● **Description of the task**: Taking the line with "q) \<Longrightarrow> is_internal" as the first and the line with "by (simp add: precedes_iff_post_less is_internal_subt" as the last, set down exactly every line in that range from the entries below, and no more.

● **Given records**:
==========
lemma curve_CE1: "(curve, \<lambda>t y. potential t $ y) \<in> CE1 Q \<mu> \<nu>"
  unfolding CE1_def mem_Collect_eq prod.case
proof (intro conjI allI impI ballI)
  show "continuous_on {0..1} curve" using curve_continuous by (rule continuous_on_subset) simp
  show "curve t \<in> Prob" for t by (rule curve_Prob)
  show "curve 0 = \<mu>" "curve 1 = \<nu>" by (simp_all add: curve_def mix_path_0 mix_path_1)
  show "(\<lambda>t. wgt Q (curve t) x y * (potential t $ y - potential t $ x)) absolutely_integrable_on {0..1}"
    for x y
    by (rule absolutely_integrable_on_Icc_bounded[OF _ flux_bounded]) (unfold wgt_def, measurable)
next
  fix \<phi> :: "real \<Rightarrow> real" and \<phi>' a b x
  assume "(\<forall>t. (\<phi> has_real_derivative \<phi>' t) (at t)) \<and> continuous_on UNIV \<phi>' \<and>
    0 < a \<and> a \<le> b \<and> b < 1 \<and> (\<forall>t. t \<notin> {a..b} \<longrightarrow> \<phi> t = 0)"
  moreover have "1/2 * (\<Sum>y\<in>UNIV. wgt Q (curve t) x y * (potential t $ y - potential t $ x)
                              - wgt Q (curve t) y x * (potential t $ x - potential t $ y))
      = - mix_path' \<mu> \<nu> \<eta> t $ x" if "0 < t" "t < 1" for t
    using graph_laplacian_potential[OF that, of x]
    unfolding divergence_eq_graph_laplacian weights_def source_def by simp
  ultimately show "integral {0..1} (\<lambda>t. \<phi>' t * curve t $ x
      - \<phi> t * (1/2 * (\<Sum>y\<in>UNIV. wgt Q (curve t) x y * (potential t $ y - potential t $ x)
                              - wgt Q (curve t) y x * (potential t $ x - potential t $ y)))) = 0"
    by (intro integral_weak_derivative_eq_zero[OF curve_has_derivative]) auto
qed

lemma Wass2_le: "Wass2 Q \<mu> \<nu> \<le> ennreal (energy_const * \<eta>)"
  using dirichlet_form_potential_le
  by (intro Wass2_le_of_action_le[OF curve_CE1]) (simp add: action_eq_dirichlet_form weights_def)

end

context local_rates
begin
lemma occurs_before_postorder:
  "occurs_before (postorder T) p q \<longleftrightarrow> subt T p \<noteq> None \<and> subt T q \<noteq> None \<and> post_less p q"
proof (induction T arbitrary: p q)
  case Leaf
  then show ?case by (cases p; cases q) auto
next
  case (Node l r)
  have "inj (Cons b)" for b :: bool
    by (simp add: inj_def)
  then show ?case
    using Node by (cases p; cases q) (auto simp: occurs_before_append occurs_before_map set_postorder)
qed

lemma precedes_iff_post_less:
  "precedes T p q \<longleftrightarrow> subt T p \<noteq> None \<and> subt T q \<noteq> None \<and> post_less p q"
  unfolding precedes_def occurs_before_iff_nth[symmetric] occurs_before_postorder ..

lemma precedes_irrefl: "\<not> precedes T p p"
  by (simp add: precedes_iff_post_less post_less_irrefl)

lemma precedes_trans: "precedes T p q \<Longrightarrow> precedes T q r \<Longrightarrow> precedes T p r"
  by (auto simp: precedes_iff_post_less intro: post_less_trans)

lemma wf_precedes: "wf {(p, q). precedes T p q}"
proof (rule finite_acyclic_wf)
  have "{(p, q). precedes T p q} \<subseteq> set (postorder T) \<times> set (postorder T)"
    by (auto simp: precedes_iff_post_less set_postorder)
  then show "finite {(p, q). precedes T p q}"
    by (rule finite_subset) simp
  have "trans {(p, q). precedes T p q}"
    by (auto simp: trans_def intro: precedes_trans)
  then show "acyclic {(p, q). precedes T p q}"
    by (simp add: acyclic_def precedes_irrefl)
qed

lemma is_internal_subt: "is_internal T p \<Longrightarrow> subt T p \<noteq> None"
  by (auto simp: is_internal_def)

lemma is_internal_child_subt: "is_internal T p \<Longrightarrow> subt T (p @ [b]) \<noteq> None"
  by (auto simp: is_internal_def subt_append)

lemma is_internal_prefix: "is_internal T (p @ q) \<Longrightarrow> is_internal T p"
  by (cases "subt T p"; cases q) (auto simp: is_internal_def subt_append elim: subt.elims)

lemma precedes_child: "is_internal T p \<Longrightarrow> precedes T (p @ [b]) p"
  by (simp add: precedes_iff_post_less is_internal_subt is_internal_child_subt post_less_descendant)

lemma not_internal_is_leaf: "subt T p \<noteq> None \<Longrightarrow> \<not> is_internal T p \<Longrightarrow> subt T p = Some Leaf"
  by (cases "subt T p") (auto simp: is_internal_def intro: bt.exhaust)

lemma child_vertex_precedes:
  assumes "relaxed T ptr" "is_internal T u"
  shows "is_vertex T (child T ptr u b) \<and> precedes T (child T ptr u b) u"
proof (cases "is_vertex T (u @ [b])")
  case True
  then show ?thesis
    using assms(2) by (simp add: child_def precedes_child)
next
  case False
  then have "is_leaf T (u @ [b])" "u @ [b] \<noteq> leftmost T"
    using not_internal_is_leaf[OF is_internal_child_subt[OF assms(2)]]
    by (auto simp: is_vertex_def is_leaf_def)
  then have "is_vertex T (ptr (u @ [b])) \<and> precedes T (ptr (u @ [b])) (u @ [b])"
    using assms(1) by (simp add: relaxed_def)
  then show ?thesis
    using False precedes_child[OF assms(2)] precedes_trans by (auto simp: child_def)
qed
(* Let $f:\mathbb{R}\to\mathbb{R}$ be smooth, let $H(q,p)=\frac{p^2}{2}+f(q)$ on $T^*\mathbb{R}$ with coordinates $(q,p)$, and let $\omega=\frac{1}{p}\,dp\wedge dq$ be the twisted $b$-symplectic form, so that the vector field $X$ satisfying $\iota_X\omega=-dH$ is $X=p^2\frac{\partial}{\partial q}-p\,f'(q)\frac{\partial}{\partial p}$. Then there is no Lie group action $\rho:G\times\mathbb{R}\to\mathbb{R}$ whose cotangent lift $\hat\rho:G\times T^*\mathbb{R}\to T^*\mathbb{R}$ has $X$ as an infinitesimal generator (i.e. as the fundamental vector field of some element of the Lie algebra of $G$); in other words, the dynamics of $X$ cannot be obtained as the (twisted $b$-)cotangent lift of a group action on the base $\mathbb{R}$ with Hamiltonian/moment map $H$.
   Context: For an action $\rho$ of a Lie group $G$ on a manifold $M$, the cotangent lift of $\rho_g$ is the diffeomorphism $\hat\rho_g$ of $T^*M$ given by $\hat\rho_g(q,p)=(\rho_g(q),((d\rho_g)_q^* )^{-1}(p))$; it covers $\rho_g$, i.e. $\pi\circ\hat\rho_g=\rho_g\circ\pi$ where $\pi:T^*M\to M$ is the bundle projection. The twisted $b$-cotangent lift is the same lifted action considered with respect to the twisted $b$-symplectic form $\omega=\frac{c}{p_1}dp_1\wedge dq_1+\sum_{i\ge2}dp_i\wedge dq_i$ (here $M=\mathbb{R}$, $c=1$). *)

theory Defs
  imports "HOL-Analysis.Analysis"
begin

definition smooth_fun :: "(real \<Rightarrow> real) \<Rightarrow> bool" where
  "smooth_fun g \<longleftrightarrow> (\<forall>n x. ((deriv ^^ n) g) differentiable (at x))"

text \<open>A one-parameter group of diffeomorphisms of the base R (the action of a
one-parameter subgroup t maps to exp(t xi) of a Lie group acting smoothly on R).\<close>
definition one_param_action :: "(real \<Rightarrow> real \<Rightarrow> real) \<Rightarrow> bool" where
  "one_param_action \<phi> \<longleftrightarrow>
     \<phi> 0 = id \<and> (\<forall>s t. \<phi> (s + t) = \<phi> s \<circ> \<phi> t) \<and>
     (\<forall>t. smooth_fun (\<phi> t)) \<and> (\<forall>q. smooth_fun (\<lambda>t. \<phi> t q))"

text \<open>Cotangent lift on T*R = R x R, coordinates (q,p):
  (q,p) maps to (rho(q), ((d rho_q)^*)^{-1} p) = (rho q, p / rho'(q)).\<close>
definition cotangent_lift :: "(real \<Rightarrow> real) \<Rightarrow> real \<times> real \<Rightarrow> real \<times> real" where
  "cotangent_lift g = (\<lambda>(q, p). (g q, p / deriv g q))"

definition X_field :: "(real \<Rightarrow> real) \<Rightarrow> real \<times> real \<Rightarrow> real \<times> real" where
  "X_field f = (\<lambda>(q, p). (p ^ 2, - p * deriv f q))"

definition generates :: "(real \<Rightarrow> real \<Rightarrow> real) \<Rightarrow> (real \<times> real \<Rightarrow> real \<times> real) \<Rightarrow> bool" where
  "generates \<phi> V \<longleftrightarrow>
     (\<forall>z. ((\<lambda>t. cotangent_lift (\<phi> t) z) has_vector_derivative V z) (at 0))"

end

theory Submission
  imports Defs
begin

text \<open>The cotangent lift covers the base map, so along the lifted flow the q-coordinate
  of every point (q, p) moves like \<open>\<phi> t q\<close>, whatever p is. Hence the q-component of any
  generator of a lifted action is independent of p, whereas the q-component of X is p^2.\<close>

lemma fst_cotangent_lift [simp]: "fst (cotangent_lift g z) = g (fst z)"
  by (cases z) (simp add: cotangent_lift_def)

lemma has_vector_derivative_fst:
  assumes "(g has_vector_derivative v) F"
  shows "((\<lambda>t. fst (g t)) has_vector_derivative fst v) F"
  using has_derivative_fst[OF assms[unfolded has_vector_derivative_def]]
  by (simp add: has_vector_derivative_def)

lemma generates_imp_base_derivative:
  assumes "generates \<phi> V"
  shows "((\<lambda>t. \<phi> t q) has_vector_derivative fst (V (q, p))) (at 0)"
  using has_vector_derivative_fst[OF assms[unfolded generates_def, rule_format, of "(q, p)"]]
  by simp

lemma generates_fst_independent:
  assumes "generates \<phi> V"
  shows "fst (V (q, p)) = fst (V (q, p'))"
  using vector_derivative_unique_at generates_imp_base_derivative[OF assms] by blast

theorem lemma3p6:
  fixes f :: "real \<Rightarrow> real"
  assumes "smooth_fun f"
  shows "\<not> (\<exists>\<phi>. one_param_action \<phi> \<and> generates \<phi> (X_field f))"
proof
  assume "\<exists>\<phi>. one_param_action \<phi> \<and> generates \<phi> (X_field f)"
  then obtain \<phi> where "generates \<phi> (X_field f)" by blast
  then have "fst (X_field f (0, 0)) = fst (X_field f (0, 1))"
    by (rule generates_fst_independent)
  then show False by (simp add: X_field_def)
qed

end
==========
● **Expected output**:
lemma is_internal_prefix: "is_internal T (p @ q) \<Longrightarrow> is_internal T p"
  by (cases "subt T p"; cases q) (auto simp: is_internal_def subt_append elim: subt.elims)

lemma precedes_child: "is_internal T p \<Longrightarrow> precedes T (p @ [b]) p"
  by (simp add: precedes_iff_post_less is_internal_subt is_internal_child_subt post_less_descendant)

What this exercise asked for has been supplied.